» **TASK INPUT**:
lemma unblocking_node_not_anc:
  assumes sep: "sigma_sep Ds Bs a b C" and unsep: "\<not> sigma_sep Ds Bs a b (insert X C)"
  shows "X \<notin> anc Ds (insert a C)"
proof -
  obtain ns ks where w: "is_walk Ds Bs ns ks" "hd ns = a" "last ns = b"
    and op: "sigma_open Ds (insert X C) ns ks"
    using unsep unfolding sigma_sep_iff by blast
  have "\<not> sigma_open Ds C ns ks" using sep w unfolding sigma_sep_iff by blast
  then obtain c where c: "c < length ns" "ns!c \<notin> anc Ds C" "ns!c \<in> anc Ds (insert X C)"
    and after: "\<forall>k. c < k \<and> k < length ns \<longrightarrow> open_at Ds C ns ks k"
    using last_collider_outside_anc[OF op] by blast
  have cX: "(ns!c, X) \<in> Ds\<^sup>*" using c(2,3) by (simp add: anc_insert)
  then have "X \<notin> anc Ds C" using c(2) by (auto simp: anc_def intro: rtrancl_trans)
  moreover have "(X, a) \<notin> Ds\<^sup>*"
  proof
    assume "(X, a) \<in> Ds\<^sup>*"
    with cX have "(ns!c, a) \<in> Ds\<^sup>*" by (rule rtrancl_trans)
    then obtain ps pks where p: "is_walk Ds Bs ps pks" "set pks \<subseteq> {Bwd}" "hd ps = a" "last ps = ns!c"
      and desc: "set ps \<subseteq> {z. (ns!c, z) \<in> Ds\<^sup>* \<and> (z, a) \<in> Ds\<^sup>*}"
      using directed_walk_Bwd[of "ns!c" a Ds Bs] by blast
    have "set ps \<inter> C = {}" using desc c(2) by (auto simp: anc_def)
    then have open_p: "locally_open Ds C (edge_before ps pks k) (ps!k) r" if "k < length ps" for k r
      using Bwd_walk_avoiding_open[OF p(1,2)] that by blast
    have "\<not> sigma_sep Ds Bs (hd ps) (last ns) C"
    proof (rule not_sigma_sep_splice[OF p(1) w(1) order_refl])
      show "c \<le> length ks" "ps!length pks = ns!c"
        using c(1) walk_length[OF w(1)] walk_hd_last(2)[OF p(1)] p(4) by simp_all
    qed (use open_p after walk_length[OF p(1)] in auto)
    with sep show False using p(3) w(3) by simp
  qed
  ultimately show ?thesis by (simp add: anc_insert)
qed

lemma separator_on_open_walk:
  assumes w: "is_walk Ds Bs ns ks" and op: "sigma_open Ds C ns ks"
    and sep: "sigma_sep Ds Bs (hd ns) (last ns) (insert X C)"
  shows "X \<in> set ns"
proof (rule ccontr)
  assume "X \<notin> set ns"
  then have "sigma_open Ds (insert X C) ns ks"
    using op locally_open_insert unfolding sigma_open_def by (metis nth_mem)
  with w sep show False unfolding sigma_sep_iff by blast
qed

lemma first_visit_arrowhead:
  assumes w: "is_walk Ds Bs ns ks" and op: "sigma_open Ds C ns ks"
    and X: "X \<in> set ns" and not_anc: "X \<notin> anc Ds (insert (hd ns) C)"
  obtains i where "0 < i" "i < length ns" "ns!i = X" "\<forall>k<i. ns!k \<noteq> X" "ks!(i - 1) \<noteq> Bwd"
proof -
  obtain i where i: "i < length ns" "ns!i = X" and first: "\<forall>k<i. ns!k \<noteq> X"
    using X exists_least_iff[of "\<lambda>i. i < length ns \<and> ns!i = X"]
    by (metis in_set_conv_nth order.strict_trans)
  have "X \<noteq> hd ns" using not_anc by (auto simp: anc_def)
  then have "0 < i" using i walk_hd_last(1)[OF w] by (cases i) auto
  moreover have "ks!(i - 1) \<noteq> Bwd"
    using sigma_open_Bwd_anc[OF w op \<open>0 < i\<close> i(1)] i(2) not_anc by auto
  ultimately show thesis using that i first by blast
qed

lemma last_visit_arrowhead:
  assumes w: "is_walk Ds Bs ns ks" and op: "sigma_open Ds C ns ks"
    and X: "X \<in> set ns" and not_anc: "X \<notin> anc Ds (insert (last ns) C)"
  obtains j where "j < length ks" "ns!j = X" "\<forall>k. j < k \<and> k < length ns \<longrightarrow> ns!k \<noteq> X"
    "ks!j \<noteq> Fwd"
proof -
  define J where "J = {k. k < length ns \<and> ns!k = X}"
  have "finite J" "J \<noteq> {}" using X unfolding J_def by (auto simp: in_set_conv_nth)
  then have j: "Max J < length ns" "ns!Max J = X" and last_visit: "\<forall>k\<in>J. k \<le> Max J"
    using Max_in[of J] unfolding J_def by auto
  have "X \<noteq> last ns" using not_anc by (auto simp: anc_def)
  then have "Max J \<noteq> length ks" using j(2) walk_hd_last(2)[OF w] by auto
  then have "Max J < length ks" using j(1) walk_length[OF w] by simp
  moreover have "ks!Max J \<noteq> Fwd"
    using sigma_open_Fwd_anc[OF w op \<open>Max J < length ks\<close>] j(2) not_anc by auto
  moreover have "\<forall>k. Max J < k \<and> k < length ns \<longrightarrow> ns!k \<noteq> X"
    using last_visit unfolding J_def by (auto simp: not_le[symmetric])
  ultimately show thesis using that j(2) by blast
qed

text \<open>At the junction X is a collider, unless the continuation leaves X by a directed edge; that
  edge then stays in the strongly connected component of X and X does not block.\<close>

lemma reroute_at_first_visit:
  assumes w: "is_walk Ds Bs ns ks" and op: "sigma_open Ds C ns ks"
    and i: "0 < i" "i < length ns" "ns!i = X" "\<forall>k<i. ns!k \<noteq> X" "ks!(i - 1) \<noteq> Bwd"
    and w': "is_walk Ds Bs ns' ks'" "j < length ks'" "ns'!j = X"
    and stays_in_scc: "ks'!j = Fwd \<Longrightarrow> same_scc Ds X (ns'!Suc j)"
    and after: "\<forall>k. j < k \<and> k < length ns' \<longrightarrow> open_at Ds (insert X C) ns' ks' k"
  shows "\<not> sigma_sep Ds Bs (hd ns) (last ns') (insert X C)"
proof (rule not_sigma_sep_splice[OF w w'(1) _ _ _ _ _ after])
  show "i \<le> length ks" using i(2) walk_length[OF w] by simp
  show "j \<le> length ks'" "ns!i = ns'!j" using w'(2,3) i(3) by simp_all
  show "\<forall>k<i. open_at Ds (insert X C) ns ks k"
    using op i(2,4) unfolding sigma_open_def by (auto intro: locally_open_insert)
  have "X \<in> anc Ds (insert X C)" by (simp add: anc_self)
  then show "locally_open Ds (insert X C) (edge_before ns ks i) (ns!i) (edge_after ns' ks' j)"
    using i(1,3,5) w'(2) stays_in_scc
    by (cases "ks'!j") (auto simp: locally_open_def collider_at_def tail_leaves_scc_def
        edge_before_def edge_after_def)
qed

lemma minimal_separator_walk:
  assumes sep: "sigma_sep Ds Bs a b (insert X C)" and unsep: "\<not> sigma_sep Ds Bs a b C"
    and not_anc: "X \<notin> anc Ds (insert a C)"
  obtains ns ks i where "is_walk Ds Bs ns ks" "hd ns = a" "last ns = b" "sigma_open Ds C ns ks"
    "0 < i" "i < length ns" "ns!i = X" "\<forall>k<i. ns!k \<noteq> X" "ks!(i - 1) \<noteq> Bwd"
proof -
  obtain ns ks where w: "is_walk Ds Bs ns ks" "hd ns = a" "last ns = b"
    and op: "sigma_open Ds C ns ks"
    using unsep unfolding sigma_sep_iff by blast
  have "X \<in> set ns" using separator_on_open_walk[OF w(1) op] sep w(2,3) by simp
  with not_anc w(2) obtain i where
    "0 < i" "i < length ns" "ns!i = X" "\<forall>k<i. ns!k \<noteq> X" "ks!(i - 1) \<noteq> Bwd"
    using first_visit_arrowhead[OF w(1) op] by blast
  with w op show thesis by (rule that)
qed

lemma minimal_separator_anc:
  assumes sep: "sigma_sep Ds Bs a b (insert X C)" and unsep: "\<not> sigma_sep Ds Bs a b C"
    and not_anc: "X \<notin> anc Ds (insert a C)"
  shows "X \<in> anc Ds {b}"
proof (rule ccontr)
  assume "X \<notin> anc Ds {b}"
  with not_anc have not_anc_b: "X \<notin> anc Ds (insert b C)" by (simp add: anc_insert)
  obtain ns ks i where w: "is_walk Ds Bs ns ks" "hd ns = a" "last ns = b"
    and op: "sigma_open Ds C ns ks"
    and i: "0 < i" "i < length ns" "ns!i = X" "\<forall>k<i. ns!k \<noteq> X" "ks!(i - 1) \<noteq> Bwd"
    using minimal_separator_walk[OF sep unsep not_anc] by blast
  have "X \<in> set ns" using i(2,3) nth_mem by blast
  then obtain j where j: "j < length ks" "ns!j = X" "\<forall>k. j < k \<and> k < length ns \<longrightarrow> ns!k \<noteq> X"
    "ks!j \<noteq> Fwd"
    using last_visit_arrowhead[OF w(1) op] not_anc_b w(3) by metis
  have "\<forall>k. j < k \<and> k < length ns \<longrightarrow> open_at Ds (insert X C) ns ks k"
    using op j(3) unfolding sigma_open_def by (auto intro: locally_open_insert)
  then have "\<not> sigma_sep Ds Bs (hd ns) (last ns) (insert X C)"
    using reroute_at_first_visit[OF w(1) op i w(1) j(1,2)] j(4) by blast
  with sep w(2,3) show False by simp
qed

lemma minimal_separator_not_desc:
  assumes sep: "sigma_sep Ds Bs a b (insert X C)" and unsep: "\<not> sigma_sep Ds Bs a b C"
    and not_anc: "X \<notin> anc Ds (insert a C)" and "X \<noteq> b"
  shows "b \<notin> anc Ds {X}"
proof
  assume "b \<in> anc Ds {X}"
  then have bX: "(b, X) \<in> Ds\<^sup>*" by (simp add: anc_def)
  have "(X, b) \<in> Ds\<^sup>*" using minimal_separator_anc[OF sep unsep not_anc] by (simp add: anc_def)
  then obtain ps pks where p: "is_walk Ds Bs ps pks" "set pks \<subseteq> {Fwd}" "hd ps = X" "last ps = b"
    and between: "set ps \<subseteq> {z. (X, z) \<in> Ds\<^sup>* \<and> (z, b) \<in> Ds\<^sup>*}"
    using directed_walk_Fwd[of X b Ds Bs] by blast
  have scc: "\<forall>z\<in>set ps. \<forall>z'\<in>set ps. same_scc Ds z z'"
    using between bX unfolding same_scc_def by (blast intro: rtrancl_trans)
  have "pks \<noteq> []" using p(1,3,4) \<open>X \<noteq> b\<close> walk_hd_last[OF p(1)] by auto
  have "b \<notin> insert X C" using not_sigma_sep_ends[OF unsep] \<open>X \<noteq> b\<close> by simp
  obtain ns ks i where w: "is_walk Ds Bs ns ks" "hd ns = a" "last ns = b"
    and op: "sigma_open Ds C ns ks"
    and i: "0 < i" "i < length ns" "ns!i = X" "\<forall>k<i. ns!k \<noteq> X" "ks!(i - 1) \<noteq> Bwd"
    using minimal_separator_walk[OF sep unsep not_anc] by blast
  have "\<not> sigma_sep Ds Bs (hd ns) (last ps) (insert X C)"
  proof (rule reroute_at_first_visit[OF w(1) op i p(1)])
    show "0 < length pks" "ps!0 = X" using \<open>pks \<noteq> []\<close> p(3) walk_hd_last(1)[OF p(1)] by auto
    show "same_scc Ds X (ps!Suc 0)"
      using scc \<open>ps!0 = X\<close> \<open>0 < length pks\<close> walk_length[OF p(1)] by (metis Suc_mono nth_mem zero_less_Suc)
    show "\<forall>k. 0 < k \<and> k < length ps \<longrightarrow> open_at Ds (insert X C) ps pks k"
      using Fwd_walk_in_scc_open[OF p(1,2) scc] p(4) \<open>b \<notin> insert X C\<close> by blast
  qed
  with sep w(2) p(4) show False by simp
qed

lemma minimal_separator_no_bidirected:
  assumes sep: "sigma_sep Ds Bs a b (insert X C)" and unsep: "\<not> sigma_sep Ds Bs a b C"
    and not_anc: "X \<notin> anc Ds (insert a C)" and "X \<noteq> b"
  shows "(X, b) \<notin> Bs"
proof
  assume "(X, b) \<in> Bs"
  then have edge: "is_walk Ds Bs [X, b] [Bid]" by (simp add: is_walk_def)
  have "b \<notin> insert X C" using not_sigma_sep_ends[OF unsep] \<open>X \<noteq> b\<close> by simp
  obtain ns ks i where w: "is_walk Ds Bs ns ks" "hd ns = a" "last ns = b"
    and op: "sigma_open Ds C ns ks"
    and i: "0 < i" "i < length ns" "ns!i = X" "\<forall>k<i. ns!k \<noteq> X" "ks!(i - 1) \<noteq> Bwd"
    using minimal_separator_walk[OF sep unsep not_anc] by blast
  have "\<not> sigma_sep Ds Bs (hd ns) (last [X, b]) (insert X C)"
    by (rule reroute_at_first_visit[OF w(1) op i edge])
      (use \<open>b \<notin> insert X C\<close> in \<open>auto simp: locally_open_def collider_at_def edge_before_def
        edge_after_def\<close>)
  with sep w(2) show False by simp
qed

» **DIRECTIONS FOR THIS TASK**:
Working through the records, copy each line in which the word "subseteq" appears.

» **OUTPUT OF THE EXERCISE**:
    then obtain ps pks where p: "is_walk Ds Bs ps pks" "set pks \<subseteq> {Bwd}" "hd ps = a" "last ps = ns!c"
      and desc: "set ps \<subseteq> {z. (ns!c, z) \<in> Ds\<^sup>* \<and> (z, a) \<in> Ds\<^sup>*}"
  then obtain ps pks where p: "is_walk Ds Bs ps pks" "set pks \<subseteq> {Fwd}" "hd ps = X" "last ps = b"
    and between: "set ps \<subseteq> {z. (X, z) \<in> Ds\<^sup>* \<and> (z, b) \<in> Ds\<^sup>*}"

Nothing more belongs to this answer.